» Try it: What lines of the listing include the string "epsB"? Show them all.
↓↓↓
(* Let $R$ be a reduced root system and let $W$ be its Weyl group. Let $(t_1,\ldots,t_n)$ be an $n$-tuple of reflections in $W$ with $t_1t_2\cdots t_n=1$. Then $n$ is even and $(t_1,\ldots,t_n)$ is braid-equivalent to an $n$-tuple $(t'_1,\ldots,t'_n)$ of reflections with $t'_1\cdots t'_n=1$ and $t'_{2i-1}=t'_{2i}$ for $i=1,\ldots,n/2$.
   Context: For a group $G$, an elementary transformation (braid move) of an $n$-tuple $(t_1,\ldots,t_n)\in G^n$ is, for some $1\leq i\leq n-1$, either the replacement of $(t_i,t_{i+1})$ by $(t_it_{i+1}t_i^{-1},t_i)$ or by $(t_{i+1},t_{i+1}^{-1}t_it_{i+1})$, leaving the other entries unchanged. Two $n$-tuples are braid-equivalent if one is obtained from the other by a finite sequence of elementary transformations. *)

theory Defs
  imports "HOL-Analysis.Analysis" "HOL-Algebra.Group"
begin

definition refl :: "'a::real_inner \<Rightarrow> 'a \<Rightarrow> 'a" where
  "refl \<alpha> = (\<lambda>v. v - (2 * (v \<bullet> \<alpha>) / (\<alpha> \<bullet> \<alpha>)) *\<^sub>R \<alpha>)"

definition root_system :: "'a::euclidean_space set \<Rightarrow> bool" where
  "root_system R \<longleftrightarrow> finite R \<and> 0 \<notin> R \<and> span R = UNIV \<and>
     (\<forall>\<alpha>\<in>R. refl \<alpha> ` R = R) \<and>
     (\<forall>\<alpha>\<in>R. \<forall>\<beta>\<in>R. 2 * (\<beta> \<bullet> \<alpha>) / (\<alpha> \<bullet> \<alpha>) \<in> \<int>)"
locale rarr_morphism_data =
  X: rarr_object_data A B T NA RA etaA epsA NB RB etaB epsB D Delta eps zeta +
  Y: rarr_object_data A B T' NA' RA' etaA' epsA' NB' RB' etaB' epsB' D' Delta' eps' zeta'
  for A :: "('oa,'aa) cat" and B :: "('ob,'ab) cat" and T :: "('ot,'at) cat"
    and NA RA etaA epsA NB RB etaB epsB D Delta eps zeta
    and T' :: "('ot2,'at2) cat" and NA' RA' etaA' epsA' NB' RB' etaB' epsB' D' Delta' eps' zeta' +
  fixes F :: "('ot2,'at2,'ot,'at) ftor" and t
  assumes F_functor: "is_functor T' T F"
    and RA_F_obj [simp]: "\<And>y. y \<in> cobj T' \<Longrightarrow> fo RA (fo F y) = fo RA' y"
    and RB_F_obj [simp]: "\<And>y. y \<in> cobj T' \<Longrightarrow> fo RB (fo F y) = fo RB' y"
    and RA_F_arr [simp]: "\<And>f. f \<in> carr T' \<Longrightarrow> fa RA (fa F f) = fa RA' f"
    and RB_F_arr [simp]: "\<And>f. f \<in> carr T' \<Longrightarrow> fa RB (fa F f) = fa RB' f"
    and t_comonad_mor: "is_comonad_mor B D Delta eps D' Delta' eps' t"
    and zeta_t_compat: "\<And>y. y \<in> cobj T' \<Longrightarrow>
      ccomp B (fa RB (ccomp T (epsA (fo F (fo NA' (fo RA' y)))) (fa NA (etaA' (fo RA' y))))) (zeta (fo F y))
        = ccomp B (zeta' y) (t (fo RB' y))"
begin

sublocale F: cat_functor T' T F using F_functor by (simp add: cat_functor_def)
sublocale t: nat_trans B B D D' t using t_comonad_mor by (simp add: is_comonad_mor_def nat_trans_def)

text \<open>The comparison maps \<open>a : N\<^sub>A \<rightarrow> FN\<^sub>A'\<close> and \<open>b : N\<^sub>B \<rightarrow> FN\<^sub>B'\<close>, mates of identities.\<close>
definition a where "a x = ccomp T (epsA (fo F (fo NA' x))) (fa NA (etaA' x))"
definition b where "b x = ccomp T (epsB (fo F (fo NB' x))) (fa NB (etaB' x))"

lemma a_type [simp]:
  assumes "x \<in> cobj A"
  shows "a x \<in> carr T" "cdom T (a x) = fo NA x" "ccod T (a x) = fo F (fo NA' x)"
  using assms by (simp_all add: a_def)

lemma b_type [simp]:
  assumes "x \<in> cobj B"
  shows "b x \<in> carr T" "cdom T (b x) = fo NB x" "ccod T (b x) = fo F (fo NB' x)"
  using assms by (simp_all add: b_def)

lemma zeta_compat: "y \<in> cobj T' \<Longrightarrow>
    ccomp B (fa RB (a (fo RA' y))) (zeta (fo F y)) = ccomp B (zeta' y) (t (fo RB' y))"
  using zeta_t_compat by (simp add: a_def)

text \<open>Since \<open>R\<^sub>AF = R\<^sub>A'\<close>, the transposes of \<open>a\<close> and \<open>b\<close> are the units \<open>\<eta>'\<^sup>A\<close>, \<open>\<eta>'\<^sup>B\<close>.\<close>
lemma a_transpose:
  assumes x: "x \<in> cobj A"
  shows "ccomp A (fa RA (a x)) (etaA x) = etaA' x"
proof -
  have h1: "ccomp A (fa RA (fa NA (etaA' x))) (etaA x) = ccomp A (etaA (fo RA' (fo NA' x))) (etaA' x)"
    using X.etaA.nat[of "etaA' x"] x by simp
  have h2: "ccomp A (fa RA (epsA (fo F (fo NA' x)))) (etaA (fo RA' (fo NA' x))) = cid A (fo RA' (fo NA' x))"
    using X.triangleA[of "fo F (fo NA' x)"] x by simp
  show ?thesis
    using x by (simp add: a_def h1 X.A.rewrite_in_chain[OF h1] h2 X.A.rewrite_in_chain[OF h2])
qed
↑↑↑
» Solution to the exercise:
  X: rarr_object_data A B T NA RA etaA epsA NB RB etaB epsB D Delta eps zeta +
  Y: rarr_object_data A B T' NA' RA' etaA' epsA' NB' RB' etaB' epsB' D' Delta' eps' zeta'
    and NA RA etaA epsA NB RB etaB epsB D Delta eps zeta
    and T' :: "('ot2,'at2) cat" and NA' RA' etaA' epsA' NB' RB' etaB' epsB' D' Delta' eps' zeta' +
definition b where "b x = ccomp T (epsB (fo F (fo NB' x))) (fa NB (etaB' x))"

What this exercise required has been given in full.